"""

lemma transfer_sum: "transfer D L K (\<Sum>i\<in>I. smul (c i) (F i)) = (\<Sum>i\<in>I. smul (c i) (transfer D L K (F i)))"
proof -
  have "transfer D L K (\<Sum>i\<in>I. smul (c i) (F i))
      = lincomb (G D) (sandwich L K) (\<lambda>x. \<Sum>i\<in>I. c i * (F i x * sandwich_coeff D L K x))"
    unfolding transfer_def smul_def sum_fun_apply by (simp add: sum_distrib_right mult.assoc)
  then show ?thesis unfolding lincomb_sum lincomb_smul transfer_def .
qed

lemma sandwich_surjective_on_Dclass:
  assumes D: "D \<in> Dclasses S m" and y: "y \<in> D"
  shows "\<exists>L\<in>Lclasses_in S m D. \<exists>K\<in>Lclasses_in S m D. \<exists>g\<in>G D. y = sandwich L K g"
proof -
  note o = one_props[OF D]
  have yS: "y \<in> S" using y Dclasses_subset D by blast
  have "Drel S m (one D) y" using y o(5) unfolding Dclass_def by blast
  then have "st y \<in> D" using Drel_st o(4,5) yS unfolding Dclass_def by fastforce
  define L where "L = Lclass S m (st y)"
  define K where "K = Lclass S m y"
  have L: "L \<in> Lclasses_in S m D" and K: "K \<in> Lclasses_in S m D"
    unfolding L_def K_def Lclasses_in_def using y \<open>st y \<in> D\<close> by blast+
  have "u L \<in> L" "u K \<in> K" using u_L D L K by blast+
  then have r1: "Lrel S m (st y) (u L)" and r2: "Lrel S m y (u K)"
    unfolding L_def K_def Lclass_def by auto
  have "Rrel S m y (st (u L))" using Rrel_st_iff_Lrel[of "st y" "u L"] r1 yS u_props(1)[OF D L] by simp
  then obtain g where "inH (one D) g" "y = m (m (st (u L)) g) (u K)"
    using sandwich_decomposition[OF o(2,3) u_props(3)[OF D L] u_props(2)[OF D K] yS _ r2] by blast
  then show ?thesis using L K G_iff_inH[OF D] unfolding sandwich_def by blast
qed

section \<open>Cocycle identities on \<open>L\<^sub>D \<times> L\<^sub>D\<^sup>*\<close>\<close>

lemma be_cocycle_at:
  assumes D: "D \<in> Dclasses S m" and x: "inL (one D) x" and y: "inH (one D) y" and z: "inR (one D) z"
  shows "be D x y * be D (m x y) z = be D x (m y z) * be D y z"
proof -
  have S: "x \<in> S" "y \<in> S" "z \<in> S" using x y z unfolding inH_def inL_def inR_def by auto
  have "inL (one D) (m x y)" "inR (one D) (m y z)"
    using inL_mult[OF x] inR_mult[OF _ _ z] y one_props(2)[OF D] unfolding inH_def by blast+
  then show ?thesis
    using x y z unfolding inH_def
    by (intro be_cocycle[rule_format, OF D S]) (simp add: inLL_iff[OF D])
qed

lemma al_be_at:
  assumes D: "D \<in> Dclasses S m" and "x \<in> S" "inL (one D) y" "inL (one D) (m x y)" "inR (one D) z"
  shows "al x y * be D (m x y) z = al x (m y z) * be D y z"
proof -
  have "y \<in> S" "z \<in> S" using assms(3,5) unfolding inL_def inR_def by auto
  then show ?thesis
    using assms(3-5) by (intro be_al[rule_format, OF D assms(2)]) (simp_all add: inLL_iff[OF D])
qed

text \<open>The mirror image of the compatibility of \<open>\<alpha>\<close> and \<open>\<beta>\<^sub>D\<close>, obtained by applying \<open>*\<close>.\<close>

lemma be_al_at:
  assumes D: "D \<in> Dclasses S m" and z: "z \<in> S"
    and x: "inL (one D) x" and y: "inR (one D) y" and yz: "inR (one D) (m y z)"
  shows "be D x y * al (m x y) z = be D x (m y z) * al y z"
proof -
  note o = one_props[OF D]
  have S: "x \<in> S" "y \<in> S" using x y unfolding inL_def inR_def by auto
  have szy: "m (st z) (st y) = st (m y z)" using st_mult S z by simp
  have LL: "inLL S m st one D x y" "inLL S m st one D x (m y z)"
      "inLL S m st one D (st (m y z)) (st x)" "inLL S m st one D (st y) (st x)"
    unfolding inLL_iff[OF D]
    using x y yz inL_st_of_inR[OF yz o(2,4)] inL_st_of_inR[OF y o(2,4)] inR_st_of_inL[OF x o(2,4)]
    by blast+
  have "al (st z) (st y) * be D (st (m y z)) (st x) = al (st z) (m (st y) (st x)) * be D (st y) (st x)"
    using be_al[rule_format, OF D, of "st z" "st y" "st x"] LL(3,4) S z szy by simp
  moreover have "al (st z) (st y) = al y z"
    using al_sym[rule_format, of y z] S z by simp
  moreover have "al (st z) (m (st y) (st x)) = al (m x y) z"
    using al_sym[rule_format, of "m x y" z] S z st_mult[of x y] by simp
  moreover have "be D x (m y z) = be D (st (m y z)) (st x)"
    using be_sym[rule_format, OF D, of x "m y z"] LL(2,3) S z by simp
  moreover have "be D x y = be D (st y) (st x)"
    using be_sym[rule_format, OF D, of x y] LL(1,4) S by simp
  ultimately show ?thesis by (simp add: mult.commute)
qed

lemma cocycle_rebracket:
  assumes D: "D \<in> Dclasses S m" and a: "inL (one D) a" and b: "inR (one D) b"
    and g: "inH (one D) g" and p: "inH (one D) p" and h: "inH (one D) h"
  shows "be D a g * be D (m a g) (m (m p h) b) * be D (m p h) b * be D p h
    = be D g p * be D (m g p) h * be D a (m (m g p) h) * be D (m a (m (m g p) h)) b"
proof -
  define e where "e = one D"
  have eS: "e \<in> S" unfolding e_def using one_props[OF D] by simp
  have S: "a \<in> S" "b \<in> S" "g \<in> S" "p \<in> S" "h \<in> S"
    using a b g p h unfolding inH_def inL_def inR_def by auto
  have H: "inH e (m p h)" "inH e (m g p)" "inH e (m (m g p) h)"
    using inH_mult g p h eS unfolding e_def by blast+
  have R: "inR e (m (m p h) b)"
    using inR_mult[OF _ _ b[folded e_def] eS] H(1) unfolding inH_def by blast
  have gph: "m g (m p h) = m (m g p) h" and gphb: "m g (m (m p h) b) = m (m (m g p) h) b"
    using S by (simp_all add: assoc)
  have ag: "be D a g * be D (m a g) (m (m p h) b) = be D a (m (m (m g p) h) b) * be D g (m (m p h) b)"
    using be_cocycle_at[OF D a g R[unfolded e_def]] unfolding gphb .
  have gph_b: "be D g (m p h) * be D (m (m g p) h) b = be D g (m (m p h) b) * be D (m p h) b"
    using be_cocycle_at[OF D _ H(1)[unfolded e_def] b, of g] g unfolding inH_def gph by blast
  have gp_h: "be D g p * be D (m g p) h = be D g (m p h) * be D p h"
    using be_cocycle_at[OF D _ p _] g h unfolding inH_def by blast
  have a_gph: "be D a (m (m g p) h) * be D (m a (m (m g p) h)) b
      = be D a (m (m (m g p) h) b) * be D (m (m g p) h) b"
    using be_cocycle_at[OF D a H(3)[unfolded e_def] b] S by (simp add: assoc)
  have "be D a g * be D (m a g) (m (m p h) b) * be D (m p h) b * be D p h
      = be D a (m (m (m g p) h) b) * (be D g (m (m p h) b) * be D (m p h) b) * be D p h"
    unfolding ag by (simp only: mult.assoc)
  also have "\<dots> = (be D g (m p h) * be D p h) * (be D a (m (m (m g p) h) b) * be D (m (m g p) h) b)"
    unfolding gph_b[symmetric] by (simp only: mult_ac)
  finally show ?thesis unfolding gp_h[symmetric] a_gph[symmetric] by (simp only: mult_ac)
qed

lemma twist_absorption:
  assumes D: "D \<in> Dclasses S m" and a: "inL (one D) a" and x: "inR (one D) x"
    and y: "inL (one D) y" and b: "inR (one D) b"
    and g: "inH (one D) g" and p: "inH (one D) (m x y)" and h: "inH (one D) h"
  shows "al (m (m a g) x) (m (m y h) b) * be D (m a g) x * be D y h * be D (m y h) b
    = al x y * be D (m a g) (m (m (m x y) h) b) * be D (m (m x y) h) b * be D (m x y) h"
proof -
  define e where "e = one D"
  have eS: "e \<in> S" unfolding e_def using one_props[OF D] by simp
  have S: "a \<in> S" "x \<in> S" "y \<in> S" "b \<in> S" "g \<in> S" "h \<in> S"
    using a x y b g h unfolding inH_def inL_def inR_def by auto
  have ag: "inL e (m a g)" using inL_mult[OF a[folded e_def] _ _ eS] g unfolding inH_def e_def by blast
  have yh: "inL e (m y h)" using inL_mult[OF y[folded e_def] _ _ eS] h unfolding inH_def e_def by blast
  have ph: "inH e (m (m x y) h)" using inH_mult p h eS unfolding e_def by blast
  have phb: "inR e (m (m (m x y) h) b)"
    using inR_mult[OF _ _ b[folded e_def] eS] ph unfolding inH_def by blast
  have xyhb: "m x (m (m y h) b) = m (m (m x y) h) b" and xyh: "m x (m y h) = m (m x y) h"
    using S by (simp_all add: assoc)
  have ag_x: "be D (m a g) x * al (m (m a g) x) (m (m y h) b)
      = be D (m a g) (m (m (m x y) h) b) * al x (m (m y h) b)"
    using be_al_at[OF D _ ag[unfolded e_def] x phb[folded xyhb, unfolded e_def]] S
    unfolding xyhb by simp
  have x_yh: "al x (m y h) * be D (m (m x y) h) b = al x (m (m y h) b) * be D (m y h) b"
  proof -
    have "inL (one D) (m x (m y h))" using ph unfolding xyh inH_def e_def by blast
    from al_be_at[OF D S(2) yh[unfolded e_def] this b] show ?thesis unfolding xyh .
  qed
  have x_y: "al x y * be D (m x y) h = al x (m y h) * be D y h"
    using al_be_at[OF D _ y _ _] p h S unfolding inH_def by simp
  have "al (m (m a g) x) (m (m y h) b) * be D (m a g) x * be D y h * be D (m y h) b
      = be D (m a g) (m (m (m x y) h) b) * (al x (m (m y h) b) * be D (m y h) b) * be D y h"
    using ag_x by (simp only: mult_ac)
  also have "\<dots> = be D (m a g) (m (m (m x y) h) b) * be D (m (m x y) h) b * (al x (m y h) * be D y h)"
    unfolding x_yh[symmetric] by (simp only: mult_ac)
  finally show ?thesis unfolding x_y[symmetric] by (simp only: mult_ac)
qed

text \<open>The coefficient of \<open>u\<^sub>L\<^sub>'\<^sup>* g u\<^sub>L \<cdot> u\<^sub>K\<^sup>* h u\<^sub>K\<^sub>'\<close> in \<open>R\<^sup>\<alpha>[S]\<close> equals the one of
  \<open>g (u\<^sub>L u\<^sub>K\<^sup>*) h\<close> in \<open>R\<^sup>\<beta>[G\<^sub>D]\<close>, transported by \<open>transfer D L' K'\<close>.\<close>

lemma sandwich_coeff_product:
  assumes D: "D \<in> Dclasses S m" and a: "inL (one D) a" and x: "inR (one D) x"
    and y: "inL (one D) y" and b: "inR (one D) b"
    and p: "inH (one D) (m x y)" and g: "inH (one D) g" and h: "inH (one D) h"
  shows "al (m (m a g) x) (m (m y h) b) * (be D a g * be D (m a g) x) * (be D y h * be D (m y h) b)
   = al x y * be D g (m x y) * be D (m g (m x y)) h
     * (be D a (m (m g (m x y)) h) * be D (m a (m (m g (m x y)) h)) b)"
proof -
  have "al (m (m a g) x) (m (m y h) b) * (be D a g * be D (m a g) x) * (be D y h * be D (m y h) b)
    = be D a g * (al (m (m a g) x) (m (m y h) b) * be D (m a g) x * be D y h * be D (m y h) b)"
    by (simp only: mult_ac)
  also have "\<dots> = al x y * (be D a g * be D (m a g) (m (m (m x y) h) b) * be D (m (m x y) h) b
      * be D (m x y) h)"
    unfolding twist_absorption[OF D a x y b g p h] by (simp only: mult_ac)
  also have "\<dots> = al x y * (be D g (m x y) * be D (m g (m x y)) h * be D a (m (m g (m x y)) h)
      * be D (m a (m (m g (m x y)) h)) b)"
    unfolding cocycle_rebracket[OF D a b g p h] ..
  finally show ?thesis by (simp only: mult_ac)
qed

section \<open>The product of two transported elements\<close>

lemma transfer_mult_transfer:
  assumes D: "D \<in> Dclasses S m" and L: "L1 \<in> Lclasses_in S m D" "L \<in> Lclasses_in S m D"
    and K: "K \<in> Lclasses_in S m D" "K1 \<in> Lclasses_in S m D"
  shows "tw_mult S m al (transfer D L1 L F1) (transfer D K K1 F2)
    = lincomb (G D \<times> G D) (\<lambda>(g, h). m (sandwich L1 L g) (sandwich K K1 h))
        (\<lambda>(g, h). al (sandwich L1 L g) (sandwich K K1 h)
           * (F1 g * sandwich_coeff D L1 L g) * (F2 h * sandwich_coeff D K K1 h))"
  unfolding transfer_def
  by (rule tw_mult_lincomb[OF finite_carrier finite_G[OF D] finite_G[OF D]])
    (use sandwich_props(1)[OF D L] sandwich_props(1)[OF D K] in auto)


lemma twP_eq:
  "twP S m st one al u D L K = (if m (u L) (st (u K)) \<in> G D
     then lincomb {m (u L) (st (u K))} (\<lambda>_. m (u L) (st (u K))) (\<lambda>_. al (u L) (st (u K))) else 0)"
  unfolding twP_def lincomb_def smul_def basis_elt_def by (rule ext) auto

"""
"""

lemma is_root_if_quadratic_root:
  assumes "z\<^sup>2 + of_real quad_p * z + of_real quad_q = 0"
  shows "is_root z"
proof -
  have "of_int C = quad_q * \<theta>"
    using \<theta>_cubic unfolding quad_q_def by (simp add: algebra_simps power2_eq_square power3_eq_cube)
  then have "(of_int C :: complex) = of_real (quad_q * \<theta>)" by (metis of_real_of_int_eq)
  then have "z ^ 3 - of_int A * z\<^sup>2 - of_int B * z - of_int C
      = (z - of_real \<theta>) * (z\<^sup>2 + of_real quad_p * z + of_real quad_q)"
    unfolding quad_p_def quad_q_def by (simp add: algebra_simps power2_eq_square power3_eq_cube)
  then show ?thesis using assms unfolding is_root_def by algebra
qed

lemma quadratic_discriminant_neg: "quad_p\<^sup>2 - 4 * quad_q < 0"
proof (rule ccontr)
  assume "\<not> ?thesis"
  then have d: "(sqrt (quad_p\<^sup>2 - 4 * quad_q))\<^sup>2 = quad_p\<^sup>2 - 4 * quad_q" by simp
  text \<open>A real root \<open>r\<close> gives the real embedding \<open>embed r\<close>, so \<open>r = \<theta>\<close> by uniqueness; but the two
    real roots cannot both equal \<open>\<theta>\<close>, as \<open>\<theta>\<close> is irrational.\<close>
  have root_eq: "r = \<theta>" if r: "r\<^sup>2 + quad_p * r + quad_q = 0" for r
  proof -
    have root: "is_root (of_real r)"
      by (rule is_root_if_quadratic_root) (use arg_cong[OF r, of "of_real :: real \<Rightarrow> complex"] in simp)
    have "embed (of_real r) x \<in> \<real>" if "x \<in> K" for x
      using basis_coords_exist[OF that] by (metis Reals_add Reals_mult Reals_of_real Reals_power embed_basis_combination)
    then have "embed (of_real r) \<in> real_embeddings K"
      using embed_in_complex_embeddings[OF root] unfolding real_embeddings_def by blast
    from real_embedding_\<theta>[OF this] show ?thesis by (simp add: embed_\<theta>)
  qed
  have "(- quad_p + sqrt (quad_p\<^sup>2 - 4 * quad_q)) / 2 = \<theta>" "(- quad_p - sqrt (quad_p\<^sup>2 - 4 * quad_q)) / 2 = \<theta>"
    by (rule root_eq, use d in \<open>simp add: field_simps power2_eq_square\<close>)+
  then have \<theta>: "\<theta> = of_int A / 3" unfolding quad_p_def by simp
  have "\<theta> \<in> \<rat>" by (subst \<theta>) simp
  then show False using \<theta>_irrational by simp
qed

"""

# DIRECTIONS
The lines above from the one containing "unfolding xyhb by simp" through the one containing "y) h) b * (al" are to be set down exactly, and no others.

# ANSWER TO THIS PROBLEM
    unfolding xyhb by simp
  have x_yh: "al x (m y h) * be D (m (m x y) h) b = al x (m (m y h) b) * be D (m y h) b"
  proof -
    have "inL (one D) (m x (m y h))" using ph unfolding xyh inH_def e_def by blast
    from al_be_at[OF D S(2) yh[unfolded e_def] this b] show ?thesis unfolding xyh .
  qed
  have x_y: "al x y * be D (m x y) h = al x (m y h) * be D y h"
    using al_be_at[OF D _ y _ _] p h S unfolding inH_def by simp
  have "al (m (m a g) x) (m (m y h) b) * be D (m a g) x * be D y h * be D (m y h) b
      = be D (m a g) (m (m (m x y) h) b) * (al x (m (m y h) b) * be D (m y h) b) * be D y h"
    using ag_x by (simp only: mult_ac)
  also have "\<dots> = be D (m a g) (m (m (m x y) h) b) * be D (m (m x y) h) b * (al x (m y h) * be D y h)"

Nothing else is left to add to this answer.